You can be one of these people over invested in their pets


If reincarnation is a thing, then the best people in the world were all rewarded living their next life as cats or dogs living with an upper middle class single woman in her late 30s or early 40s.
Posted by fallguy_1978
Best States #50
Member since Feb 2018
53146 posts
Posted on 4/30/23 at 12:25 pm to
Posted by Bamafig
Member since Nov 2018
6073 posts
Posted on 4/30/23 at 12:27 pm to
Having kids is awesome. The only drawback is the haunting thought in the back of your mind that something could happen to one of them. I cannot fathom how someone overcomes it or is even able to function after losing a child. It has to be the most heart wrenching pain anyone could imagine. I think it would be worse than even losing your spouse.
Posted by redneck hippie
Oklahoma
Member since Dec 2008
6304 posts
Posted on 4/30/23 at 12:31 pm to
quote:

I’m 37 and no kids/family


I had my first born at 38. Married a younger woman without kids.
I lived a full life before that and never really cared one way or the other.
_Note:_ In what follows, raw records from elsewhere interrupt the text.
(* Let $A=(a_{ij})_{i,j\in I}$ be a generalized Cartan matrix with finite index set $I$, and let $U=(u_{ij})_{i,j\in I}$ be a complex matrix satisfying: (0) $u_{ij}=0$ if $i=j$ or $a_{ij}=0$; (1) $u_{ij}=-u_{ji}$ if $(a_{ij},a_{ji})=(-1,-1)$; (2) $u_{ij}\in\{-u_{ji},-2u_{ji}\}$ if $(a_{ij},a_{ji})=(-2,-1)$; (3) $u_{ij}\in\{-u_{ji},-\tfrac32u_{ji},-2u_{ji},-3u_{ji}\}$ if $(a_{ij},a_{ji})=(-3,-1)$. For each $i\in I$ let $s_i$ be the $\mathbb{C}$-automorphism of the field $\mathbb{C}(\alpha;f)$ determined by $$s_i(\alpha_j)=\alpha_j-a_{ij}\alpha_i,\qquad s_i(f_j)=f_j+\frac{\alpha_i}{f_i}\,u_{ij}\qquad(j\in I).$$ Then $s_i\mapsto s_i$ defines a representation of the Coxeter group $W(A)$ on $\mathbb{C}(\alpha;f)$ by field automorphisms; i.e. $s_i^2=\mathrm{id}$ for all $i$ and $(s_is_j)^{m_{ij}}=\mathrm{id}$ for all $i\neq j$ with $m_{ij}<\infty$.
   Context: A generalized Cartan matrix $A=(a_{ij})_{i,j\in I}$ is an integer matrix with $a_{jj}=2$, $a_{ij}\le 0$ for $i\ne j$, and $a_{ij}=0\iff a_{ji}=0$. $\mathbb{C}(\alpha;f)$ denotes the field of rational functions over $\mathbb{C}$ in independent variables $\alpha_j,f_j$ ($j\in I$). The Coxeter group $W(A)$ is generated by $s_i$ ($i\in I$) with relations $s_i^2=1$ and $(s_is_j)^{m_{ij}}=1$ for $i\neq j$, where $m_{ij}=2,3,4,6,\infty$ according as $a_{ij}a_{ji}=0,1,2,3,\ge4$ (no relation when $m_{ij}=\infty$). *)

theory Defs
  imports "HOL-Library.Poly_Mapping" "HOL-Library.Product_Lexorder"
          "HOL-Computational_Algebra.Fraction_Field" Complex_Main
begin

definition gcm :: "('i \<Rightarrow> 'i \<Rightarrow> int) \<Rightarrow> bool" where
  "gcm A \<longleftrightarrow> (\<forall>j. A j j = 2) \<and> (\<forall>i j. i \<noteq> j \<longrightarrow> A i j \<le> 0)
      \<and> (\<forall>i j. A i j = 0 \<longleftrightarrow> A j i = 0)"

text \<open>Coxeter exponents m_ij (None encodes infinity).\<close>
definition cox_m :: "('i \<Rightarrow> 'i \<Rightarrow> int) \<Rightarrow> 'i \<Rightarrow> 'i \<Rightarrow> nat option" where
  "cox_m A i j = (let p = A i j * A j i in
      if p = 0 then Some 2 else if p = 1 then Some 3 else if p = 2 then Some 4
      else if p = 3 then Some 6 else None)"

text \<open>Polynomial ring C[alpha_j, f_j] in the variables (False,j) = alpha_j, (True,j) = f_j,
  and its fraction field C(alpha;f).\<close>
type_synonym 'i cpoly = "((bool \<times> 'i) \<Rightarrow>\<^sub>0 nat) \<Rightarrow>\<^sub>0 complex"
type_synonym 'i ratfun = "'i cpoly fract"

definition rconst :: "complex \<Rightarrow> ('i::linorder) ratfun" where
  "rconst c = Fraction_Field.Fract (Poly_Mapping.single 0 c) 1"

definition rvar :: "bool \<times> ('i::linorder) \<Rightarrow> 'i ratfun" where
  "rvar v = Fraction_Field.Fract (Poly_Mapping.single (Poly_Mapping.single v 1) 1) 1"

abbreviation ralpha :: "('i::linorder) \<Rightarrow> 'i ratfun" where
  "ralpha j \<equiv> rvar (False, j)"

abbreviation rf :: "('i::linorder) \<Rightarrow> 'i ratfun" where
  "rf j \<equiv> rvar (True, j)"

definition C_alg_hom :: "(('i::linorder) ratfun \<Rightarrow> 'i ratfun) \<Rightarrow> bool" where
  "C_alg_hom \<sigma> \<longleftrightarrow> (\<forall>x y. \<sigma> (x + y) = \<sigma> x + \<sigma> y) \<and> (\<forall>x y. \<sigma> (x * y) = \<sigma> x * \<sigma> y)
      \<and> \<sigma> 1 = 1 \<and> (\<forall>c. \<sigma> (rconst c) = rconst c)"

definition is_s_family :: "('i \<Rightarrow> 'i \<Rightarrow> int) \<Rightarrow> ('i \<Rightarrow> 'i \<Rightarrow> complex)
    \<Rightarrow> (('i::linorder) \<Rightarrow> 'i ratfun \<Rightarrow> 'i ratfun) \<Rightarrow> bool" where
  "is_s_family A U s \<longleftrightarrow> (\<forall>i. C_alg_hom (s i) \<and> (\<forall>j.
      s i (ralpha j) = ralpha j - rconst (of_int (A i j)) * ralpha i \<and>
      s i (rf j) = rf j + (ralpha i / rf i) * rconst (U i j)))"

end

(*
  Each s_i is first defined on polynomials, by substituting for the variables. Applied twice,
  this substitution returns the polynomial times a power of f_i, so it is injective and extends
  to C(alpha;f); by construction its extension has the prescribed action on the generators.

  An automorphism fixing all alpha_k and f_k is the identity, so the relations need only be
  checked on generators. For (s_i s_j)^m, the elements
  alpha_i, alpha_j and p = f_i f_j span a space on which s_i and s_j act linearly, as the
  reflections of a finite dihedral group, so (s_i s_j)^m fixes them. The generator f_i is fixed
  by s_i and multiplied by s_j(p)/p under s_j; hence (s_i s_j)^m multiplies it by the product
  of the sigma-orbit of sigma(p) divided by that of s_i(p), where sigma = s_i s_j, and
  conditions (1)-(3) on u_ij : u_ji are exactly what makes the two orbit products agree. Every
  other generator differs from an element fixed by both s_i and s_j by a combination of these,
  because the Cartan determinant 4 - a_ij a_ji is nonzero.
*)

theory Submission
  imports Defs
begin

section \<open>Ring homomorphisms\<close>

definition is_ring_hom :: "('a::ring_1 \<Rightarrow> 'b::ring_1) \<Rightarrow> bool" where
  "is_ring_hom f \<longleftrightarrow> (\<forall>x y. f (x + y) = f x + f y) \<and> (\<forall>x y. f (x * y) = f x * f y) \<and> f 1 = 1"

lemma ring_hom_add: "is_ring_hom f \<Longrightarrow> f (x + y) = f x + f y"
  and ring_hom_mult: "is_ring_hom f \<Longrightarrow> f (x * y) = f x * f y"
  and ring_hom_1: "is_ring_hom f \<Longrightarrow> f 1 = 1"
  by (simp_all add: is_ring_hom_def)

lemma ring_hom_0: "is_ring_hom f \<Longrightarrow> f 0 = 0"
  using ring_hom_add[of f 0 0] by simp

lemma ring_hom_uminus: "is_ring_hom f \<Longrightarrow> f (- x) = - f x"
  using ring_hom_add[of f x "- x"] by (simp add: ring_hom_0 add_eq_0_iff)

lemma ring_hom_diff: "is_ring_hom f \<Longrightarrow> f (x - y) = f x - f y"
  using ring_hom_add[of f x "- y"] by (simp add: ring_hom_uminus)

lemma ring_hom_of_nat: "is_ring_hom f \<Longrightarrow> f (of_nat n) = of_nat n"
  by (induct n) (simp_all add: ring_hom_0 ring_hom_1 ring_hom_add)

lemma ring_hom_numeral: "is_ring_hom f \<Longrightarrow> f (numeral n) = numeral n"
  using ring_hom_of_nat[of f "numeral n"] by simp

lemma ring_hom_of_int: "is_ring_hom f \<Longrightarrow> f (of_int k) = of_int k"
  by (cases k rule: int_cases)
    (simp_all add: ring_hom_uminus ring_hom_diff ring_hom_1 ring_hom_of_nat)

lemma ring_hom_power: "is_ring_hom f \<Longrightarrow> f (x ^ n) = f x ^ n"
  by (induct n) (simp_all add: ring_hom_1 ring_hom_mult)

lemma ring_hom_nonzero: "is_ring_hom (f :: 'a::division_ring \<Rightarrow> 'b::ring_1) \<Longrightarrow> x \<noteq> 0 \<Longrightarrow> f x \<noteq> 0"
  using ring_hom_mult[of f x "inverse x"] by (auto simp: ring_hom_1)

lemma ring_hom_inverse: "is_ring_hom (f :: 'a::field \<Rightarrow> 'b::field) \<Longrightarrow> f (inverse x) = inverse (f x)"
  using ring_hom_mult[of f x "inverse x"]
  by (cases "x = 0") (auto simp: ring_hom_0 ring_hom_1 inverse_unique)

lemma ring_hom_divide: "is_ring_hom (f :: 'a::field \<Rightarrow> 'b::field) \<Longrightarrow> f (x / y) = f x / f y"
  by (simp add: divide_inverse ring_hom_mult ring_hom_inverse)

lemmas ring_hom_field_simps = ring_hom_add ring_hom_mult ring_hom_1 ring_hom_0 ring_hom_uminus
  ring_hom_diff ring_hom_numeral ring_hom_of_int ring_hom_power ring_hom_divide

lemma ring_hom_id: "is_ring_hom id"
  by (simp add: is_ring_hom_def)

lemma ring_hom_comp: "is_ring_hom f \<Longrightarrow> is_ring_hom g \<Longrightarrow> is_ring_hom (f \<circ> g)"
  by (simp add: is_ring_hom_def)

lemma ring_hom_funpow: "is_ring_hom (f :: 'a::ring_1 \<Rightarrow> 'a) \<Longrightarrow> is_ring_hom (f ^^ n)"
  by (induct n) (simp_all add: ring_hom_id ring_hom_comp)

text \<open>If an endomorphism \<open>\<sigma>\<close> multiplies \<open>x\<close> by \<open>q'/q\<close>, then \<open>\<sigma>\<^sup>m\<close> multiplies it by the
  product of the \<open>\<sigma>\<^sup>k(q'/q)\<close>, \<open>k < m\<close>; the statement is kept free of division.\<close>
lemma ring_hom_funpow_cocycle:
  fixes \<sigma> :: "'a::comm_ring_1 \<Rightarrow> 'a"
  assumes \<sigma>: "is_ring_hom \<sigma>" and x: "\<sigma> x * q = x * q'"
  shows "(\<sigma> ^^ m) x * (\<Prod>k<m. (\<sigma> ^^ k) q) = x * (\<Prod>k<m. (\<sigma> ^^ k) q')"
proof (induct m)
  case 0
  show ?case by simp
next
  case (Suc m)
  have step: "(\<sigma> ^^ m) (\<sigma> x) * (\<sigma> ^^ m) q = (\<sigma> ^^ m) x * (\<sigma> ^^ m) q'"
    using x ring_hom_mult[OF ring_hom_funpow[OF \<sigma>]] by metis
  have "(\<sigma> ^^ Suc m) x * (\<Prod>k<Suc m. (\<sigma> ^^ k) q)
      = ((\<sigma> ^^ m) (\<sigma> x) * (\<sigma> ^^ m) q) * (\<Prod>k<m. (\<sigma> ^^ k) q)"
    by (simp add: funpow_swap1 ac_simps)
  also have "\<dots> = ((\<sigma> ^^ m) x * (\<Prod>k<m. (\<sigma> ^^ k) q)) * (\<sigma> ^^ m) q'"
    by (simp only: step) (simp add: ac_simps)
  also have "\<dots> = x * (\<Prod>k<Suc m. (\<sigma> ^^ k) q')"
    by (simp add: Suc ac_simps)
  finally show ?case .
qed

section \<open>Polynomials as finitely supported maps\<close>

definition pvar :: "'v \<Rightarrow> ('v \<Rightarrow>\<^sub>0 nat) \<Rightarrow>\<^sub>0 'c::zero_neq_one" where
  "pvar v = Poly_Mapping.single (Poly_Mapping.single v 1) 1"

lemma update_eq_single_add:
  "a \<notin> Poly_Mapping.keys f \<Longrightarrow> Poly_Mapping.update a b f = Poly_Mapping.single a b + f"
  by (rule poly_mapping_eqI) (auto simp: lookup_update lookup_add lookup_single in_keys_iff)

lemma single_monomial_eq_pvar_power:
  "Poly_Mapping.single (Poly_Mapping.single v k) (1::'c::comm_semiring_1) = pvar v ^ k"
proof (induct k)
  case (Suc k)
  have "Poly_Mapping.single (Poly_Mapping.single v (Suc k)) (1::'c)
      = Poly_Mapping.single (Poly_Mapping.single v 1) 1
        * Poly_Mapping.single (Poly_Mapping.single v k) 1"
    by (simp add: mult_single flip: single_add)
  then show ?case
    using Suc by (simp add: pvar_def)
qed simp

lemma mpoly_induct [case_names const var add mult]:
  fixes Q :: "(('v \<Rightarrow>\<^sub>0 nat) \<Rightarrow>\<^sub>0 'c::comm_semiring_1) \<Rightarrow> bool"
  assumes Q_const: "\<And>c. Q (Poly_Mapping.single 0 c)"
    and Q_var: "\<And>v. Q (pvar v)"
    and Q_add: "\<And>p q. Q p \<Longrightarrow> Q q \<Longrightarrow> Q (p + q)"
    and Q_mult: "\<And>p q. Q p \<Longrightarrow> Q q \<Longrightarrow> Q (p * q)"
  shows "Q P"
proof -
  have power: "Q (p ^ k)" if "Q p" for p k
    using Q_const[of 1] Q_mult that by (induct k) simp_all
  have monomial: "Q (Poly_Mapping.single m 1)" for m
  proof (induct m rule: update_induct)
    case const
    show ?case using Q_const[of 1] by simp
  next
    case (update f a b)
    then have "Poly_Mapping.single (Poly_Mapping.update a b f) (1::'c)
        = pvar a ^ b * Poly_Mapping.single f 1"
      by (simp add: update_eq_single_add mult_single single_monomial_eq_pvar_power[symmetric])
    then show ?case
      using update power[OF Q_var] Q_mult by metis
  qed
  show ?thesis
  proof (induct P rule: update_induct)
    case const
    show ?case using Q_const[of 0] by simp
  next
    case (update f a b)
    have "Poly_Mapping.single a b = Poly_Mapping.single 0 b * Poly_Mapping.single a (1::'c)"
      by (simp add: mult_single)
    then show ?case
      using update by (simp add: update_eq_single_add Q_add Q_mult monomial Q_const)
  qed
qed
I was fine with it.
Having kids is hard work and it changes everything.
But most importantly it helped me understand the meaning of unconditional love, both giving and receiving. It’s such a beautiful thing and I’m glad I experienced it.
Posted by PureMetairie
Metairie
Member since May 2017
1012 posts
Posted on 4/30/23 at 12:33 pm to
I feel bad for adults who have no kids and/or have no spouse. It's just my opinion but I think their lives are missing integral pieces. I've generally found them to be overall sad and it becomes apparent around the late 30s early 40s. Friend and family gatherings and everyone attends with the kids and there's the one guy or girl solo.

Posted by Jim Rockford
Member since May 2011
104456 posts
Posted on 4/30/23 at 12:34 pm to
One thing to consider for people who think about marrying late. The odds are one spouse will fall into illness or disability and the other one will end up taking care of them. It's great if you have it, but don't count on an active, healthy retirement.